▶ Work item
Word for word, transcribe every line below.

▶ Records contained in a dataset
################

(* Let $k,r\ge1$ be integers and let $m=\lceil r/2\rceil$. Then $$\psi_{(3,2^k,1^r)}=\begin{cases}\big[\psi_{(2^{m+k+1})}-h_2p_1^{r+1}\psi_{(2^k)}\big]+p_1^r(2h_3+e_3)\psi_{(2^k)}, & r\text{ odd},\\[2pt] p_1\big[\psi_{(2^{m+k+1})}-h_2p_1^{r}\psi_{(2^k)}\big]+p_1^r(2h_3+e_3)\psi_{(2^k)}, & r\text{ even}.\end{cases}$$
   Context: $p_i$, $h_i$, $e_i$ denote power sum, complete homogeneous and elementary symmetric functions, and $p_\lambda=\prod_i p_{\lambda_i}$. Reverse lexicographic order on partitions of $n$: for distinct $\lambda,\mu\vdash n$, $\lambda>\mu$ iff $\lambda_j>\mu_j$ at the first index $j$ where they differ; $(1^n)$ is minimal. For $\mu\vdash n$, $\psi_\mu=\sum_{\lambda\vdash n,\ (1^n)\le\lambda\le\mu}p_\lambda$. In particular $\psi_{(2^j)}=\sum_{i=0}^j p_2^ip_1^{2j-2i}$. *)

theory Defs
  imports Complex_Main
begin

text \<open>Symmetric functions are represented by their evaluations at
  finitely many variables x 0, ..., x (N-1) (for arbitrary N and arbitrary
  real values); an identity in the ring of symmetric functions holds iff it
  holds for all such evaluations.\<close>

definition partitions :: "nat \<Rightarrow> nat list set" where
  "partitions n = {lam. sorted_wrt (\<ge>) lam \<and> (\<forall>a\<in>set lam. 0 < a) \<and> sum_list lam = n}"

definition rlex_le :: "nat list \<Rightarrow> nat list \<Rightarrow> bool" where
  "rlex_le lam mu \<longleftrightarrow> lam = mu \<or> (lam, mu) \<in> lexord {(a, b). a < b}"

definition psum :: "nat \<Rightarrow> (nat \<Rightarrow> real) \<Rightarrow> nat \<Rightarrow> real" where
  "psum N x i = (\<Sum>j<N. x j ^ i)"

definition psum_part :: "nat \<Rightarrow> (nat \<Rightarrow> real) \<Rightarrow> nat list \<Rightarrow> real" where
  "psum_part N x lam = prod_list (map (psum N x) lam)"

definition hsym :: "nat \<Rightarrow> (nat \<Rightarrow> real) \<Rightarrow> nat \<Rightarrow> real" where
  "hsym N x d = (\<Sum>\<alpha>\<in>{\<alpha>::nat \<Rightarrow> nat. (\<forall>j. N \<le> j \<longrightarrow> \<alpha> j = 0) \<and> (\<Sum>j<N. \<alpha> j) = d}.
                    \<Prod>j<N. x j ^ \<alpha> j)"

definition esym :: "nat \<Rightarrow> (nat \<Rightarrow> real) \<Rightarrow> nat \<Rightarrow> real" where
  "esym N x d = (\<Sum>S\<in>{S. S \<subseteq> {..<N} \<and> card S = d}. \<Prod>j\<in>S. x j)"

definition psi :: "nat \<Rightarrow> (nat \<Rightarrow> real) \<Rightarrow> nat list \<Rightarrow> real" where
  "psi N x mu = (\<Sum>lam\<in>{lam \<in> partitions (sum_list mu).
                     rlex_le (replicate (sum_list mu) 1) lam \<and> rlex_le lam mu}.
                   psum_part N x lam)"

end

theory Submission
  imports Defs
begin

text \<open>Let n = 2k + r + 3. In reverse lexicographic order, the partitions of n below
  (3, 2^k, 1^r) are those with all parts at most 2, which are exactly the partitions below
  (2^(n div 2), 1^(n mod 2)), together with the partitions 3 \<nu> with \<nu> below (2^k, 1^r).
  Since \<psi> of (2^j, 1^b) is p_1^b \<psi> of (2^j), this gives
  \<psi>(3, 2^k, 1^r) = p_1^(n mod 2) \<psi>(2^(n div 2)) + p_3 p_1^r \<psi>(2^k),
  and the claim follows from p_3 = 2 h_3 + e_3 - h_2 p_1, a consequence of Newton's identities
  in degree at most 3. The argument works equally for k = 0 or r = 0.\<close>

section \<open>Partitions in reverse lexicographic order\<close>

lemma Nil_in_partitions_iff: "[] \<in> partitions n \<longleftrightarrow> n = 0"
  unfolding partitions_def by auto

lemma Cons_in_partitions_iff:
  "a # lam \<in> partitions n \<longleftrightarrow>
     0 < a \<and> (\<forall>b\<in>set lam. b \<le> a) \<and> a \<le> n \<and> lam \<in> partitions (n - a)"
  unfolding partitions_def by auto

lemma finite_partitions: "finite (partitions n)"
proof (rule finite_subset)
  have "length lam \<le> n" if "lam \<in> partitions n" for lam
  proof -
    have "length lam = sum_list (map (\<lambda>_. 1::nat) lam)"
      by (simp add: sum_list_triv)
    also have "\<dots> \<le> sum_list lam"
      using sum_list_mono[of lam "\<lambda>_. 1::nat" id] that by (auto simp: partitions_def Suc_leI)
    finally show ?thesis
      using that by (simp add: partitions_def)
  qed
  then show "partitions n \<subseteq> {lam. set lam \<subseteq> {..n} \<and> length lam \<le> n}"
    by (auto simp: partitions_def member_le_sum_list)
qed (simp add: finite_lists_length_le)

lemma partition_parts_le_1:
  assumes "lam \<in> partitions n" and "\<forall>a\<in>set lam. a \<le> 1"
  shows "lam = replicate n 1"
  using assms
proof (induction lam arbitrary: n)
  case Nil
  then show ?case by (simp add: Nil_in_partitions_iff)
next
  case (Cons a lam)
  then have "a = 1"
    by (auto simp: Cons_in_partitions_iff)
  with Cons.prems have "lam \<in> partitions (n - 1)" and "1 \<le> n"
    by (simp_all add: Cons_in_partitions_iff)
  with Cons.IH Cons.prems(2) \<open>a = 1\<close> show ?case
    by (cases n) auto
qed

lemma rlex_le_Nil_right [simp]: "rlex_le lam [] \<longleftrightarrow> lam = []"
  by (simp add: rlex_le_def)

lemma rlex_le_Cons_Cons:
  "rlex_le (b # lam) (a # mu) \<longleftrightarrow> b < a \<or> b = a \<and> rlex_le lam mu"
  by (auto simp: rlex_le_def)

lemma rlex_le_antisym: "rlex_le lam mu \<Longrightarrow> rlex_le mu lam \<Longrightarrow> lam = mu"
proof -
  have "asym {(a, b). (a::nat) < b}"
    by (auto intro: asymI)
  then show "rlex_le lam mu \<Longrightarrow> rlex_le mu lam \<Longrightarrow> lam = mu"
    unfolding rlex_le_def using lexord_asymmetric by blast
qed

lemma replicate_one_rlex_le:
  assumes "lam \<in> partitions n"
  shows "rlex_le (replicate n 1) lam"
proof (cases "\<forall>a\<in>set lam. a \<le> 1")
  case True
  then show ?thesis
    using partition_parts_le_1[OF assms] by (simp add: rlex_le_def)
next
  case False
  then obtain a lam' where lam: "lam = a # lam'"
    by (cases lam) auto
  with False assms have "1 < a" and "a \<le> n"
    by (auto simp: Cons_in_partitions_iff)
  then show ?thesis
    unfolding lam by (cases n) (auto simp: rlex_le_Cons_Cons)
qed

################

▶ Solution for this exercise
(* Let $k,r\ge1$ be integers and let $m=\lceil r/2\rceil$. Then $$\psi_{(3,2^k,1^r)}=\begin{cases}\big[\psi_{(2^{m+k+1})}-h_2p_1^{r+1}\psi_{(2^k)}\big]+p_1^r(2h_3+e_3)\psi_{(2^k)}, & r\text{ odd},\\[2pt] p_1\big[\psi_{(2^{m+k+1})}-h_2p_1^{r}\psi_{(2^k)}\big]+p_1^r(2h_3+e_3)\psi_{(2^k)}, & r\text{ even}.\end{cases}$$
   Context: $p_i$, $h_i$, $e_i$ denote power sum, complete homogeneous and elementary symmetric functions, and $p_\lambda=\prod_i p_{\lambda_i}$. Reverse lexicographic order on partitions of $n$: for distinct $\lambda,\mu\vdash n$, $\lambda>\mu$ iff $\lambda_j>\mu_j$ at the first index $j$ where they differ; $(1^n)$ is minimal. For $\mu\vdash n$, $\psi_\mu=\sum_{\lambda\vdash n,\ (1^n)\le\lambda\le\mu}p_\lambda$. In particular $\psi_{(2^j)}=\sum_{i=0}^j p_2^ip_1^{2j-2i}$. *)

theory Defs
  imports Complex_Main
begin

text \<open>Symmetric functions are represented by their evaluations at
  finitely many variables x 0, ..., x (N-1) (for arbitrary N and arbitrary
  real values); an identity in the ring of symmetric functions holds iff it
  holds for all such evaluations.\<close>

definition partitions :: "nat \<Rightarrow> nat list set" where
  "partitions n = {lam. sorted_wrt (\<ge>) lam \<and> (\<forall>a\<in>set lam. 0 < a) \<and> sum_list lam = n}"

definition rlex_le :: "nat list \<Rightarrow> nat list \<Rightarrow> bool" where
  "rlex_le lam mu \<longleftrightarrow> lam = mu \<or> (lam, mu) \<in> lexord {(a, b). a < b}"

definition psum :: "nat \<Rightarrow> (nat \<Rightarrow> real) \<Rightarrow> nat \<Rightarrow> real" where
  "psum N x i = (\<Sum>j<N. x j ^ i)"

definition psum_part :: "nat \<Rightarrow> (nat \<Rightarrow> real) \<Rightarrow> nat list \<Rightarrow> real" where
  "psum_part N x lam = prod_list (map (psum N x) lam)"

definition hsym :: "nat \<Rightarrow> (nat \<Rightarrow> real) \<Rightarrow> nat \<Rightarrow> real" where
  "hsym N x d = (\<Sum>\<alpha>\<in>{\<alpha>::nat \<Rightarrow> nat. (\<forall>j. N \<le> j \<longrightarrow> \<alpha> j = 0) \<and> (\<Sum>j<N. \<alpha> j) = d}.
                    \<Prod>j<N. x j ^ \<alpha> j)"

definition esym :: "nat \<Rightarrow> (nat \<Rightarrow> real) \<Rightarrow> nat \<Rightarrow> real" where
  "esym N x d = (\<Sum>S\<in>{S. S \<subseteq> {..<N} \<and> card S = d}. \<Prod>j\<in>S. x j)"

definition psi :: "nat \<Rightarrow> (nat \<Rightarrow> real) \<Rightarrow> nat list \<Rightarrow> real" where
  "psi N x mu = (\<Sum>lam\<in>{lam \<in> partitions (sum_list mu).
                     rlex_le (replicate (sum_list mu) 1) lam \<and> rlex_le lam mu}.
                   psum_part N x lam)"

end

theory Submission
  imports Defs
begin

text \<open>Let n = 2k + r + 3. In reverse lexicographic order, the partitions of n below
  (3, 2^k, 1^r) are those with all parts at most 2, which are exactly the partitions below
  (2^(n div 2), 1^(n mod 2)), together with the partitions 3 \<nu> with \<nu> below (2^k, 1^r).
  Since \<psi> of (2^j, 1^b) is p_1^b \<psi> of (2^j), this gives
  \<psi>(3, 2^k, 1^r) = p_1^(n mod 2) \<psi>(2^(n div 2)) + p_3 p_1^r \<psi>(2^k),
  and the claim follows from p_3 = 2 h_3 + e_3 - h_2 p_1, a consequence of Newton's identities
  in degree at most 3. The argument works equally for k = 0 or r = 0.\<close>

section \<open>Partitions in reverse lexicographic order\<close>

lemma Nil_in_partitions_iff: "[] \<in> partitions n \<longleftrightarrow> n = 0"
  unfolding partitions_def by auto

lemma Cons_in_partitions_iff:
  "a # lam \<in> partitions n \<longleftrightarrow>
     0 < a \<and> (\<forall>b\<in>set lam. b \<le> a) \<and> a \<le> n \<and> lam \<in> partitions (n - a)"
  unfolding partitions_def by auto

lemma finite_partitions: "finite (partitions n)"
proof (rule finite_subset)
  have "length lam \<le> n" if "lam \<in> partitions n" for lam
  proof -
    have "length lam = sum_list (map (\<lambda>_. 1::nat) lam)"
      by (simp add: sum_list_triv)
    also have "\<dots> \<le> sum_list lam"
      using sum_list_mono[of lam "\<lambda>_. 1::nat" id] that by (auto simp: partitions_def Suc_leI)
    finally show ?thesis
      using that by (simp add: partitions_def)
  qed
  then show "partitions n \<subseteq> {lam. set lam \<subseteq> {..n} \<and> length lam \<le> n}"
    by (auto simp: partitions_def member_le_sum_list)
qed (simp add: finite_lists_length_le)

lemma partition_parts_le_1:
  assumes "lam \<in> partitions n" and "\<forall>a\<in>set lam. a \<le> 1"
  shows "lam = replicate n 1"
  using assms
proof (induction lam arbitrary: n)
  case Nil
  then show ?case by (simp add: Nil_in_partitions_iff)
next
  case (Cons a lam)
  then have "a = 1"
    by (auto simp: Cons_in_partitions_iff)
  with Cons.prems have "lam \<in> partitions (n - 1)" and "1 \<le> n"
    by (simp_all add: Cons_in_partitions_iff)
  with Cons.IH Cons.prems(2) \<open>a = 1\<close> show ?case
    by (cases n) auto
qed

lemma rlex_le_Nil_right [simp]: "rlex_le lam [] \<longleftrightarrow> lam = []"
  by (simp add: rlex_le_def)

lemma rlex_le_Cons_Cons:
  "rlex_le (b # lam) (a # mu) \<longleftrightarrow> b < a \<or> b = a \<and> rlex_le lam mu"
  by (auto simp: rlex_le_def)

lemma rlex_le_antisym: "rlex_le lam mu \<Longrightarrow> rlex_le mu lam \<Longrightarrow> lam = mu"
proof -
  have "asym {(a, b). (a::nat) < b}"
    by (auto intro: asymI)
  then show "rlex_le lam mu \<Longrightarrow> rlex_le mu lam \<Longrightarrow> lam = mu"
    unfolding rlex_le_def using lexord_asymmetric by blast
qed

lemma replicate_one_rlex_le:
  assumes "lam \<in> partitions n"
  shows "rlex_le (replicate n 1) lam"
proof (cases "\<forall>a\<in>set lam. a \<le> 1")
  case True
  then show ?thesis
    using partition_parts_le_1[OF assms] by (simp add: rlex_le_def)
next
  case False
  then obtain a lam' where lam: "lam = a # lam'"
    by (cases lam) auto
  with False assms have "1 < a" and "a \<le> n"
    by (auto simp: Cons_in_partitions_iff)
  then show ?thesis
    unfolding lam by (cases n) (auto simp: rlex_le_Cons_Cons)
qed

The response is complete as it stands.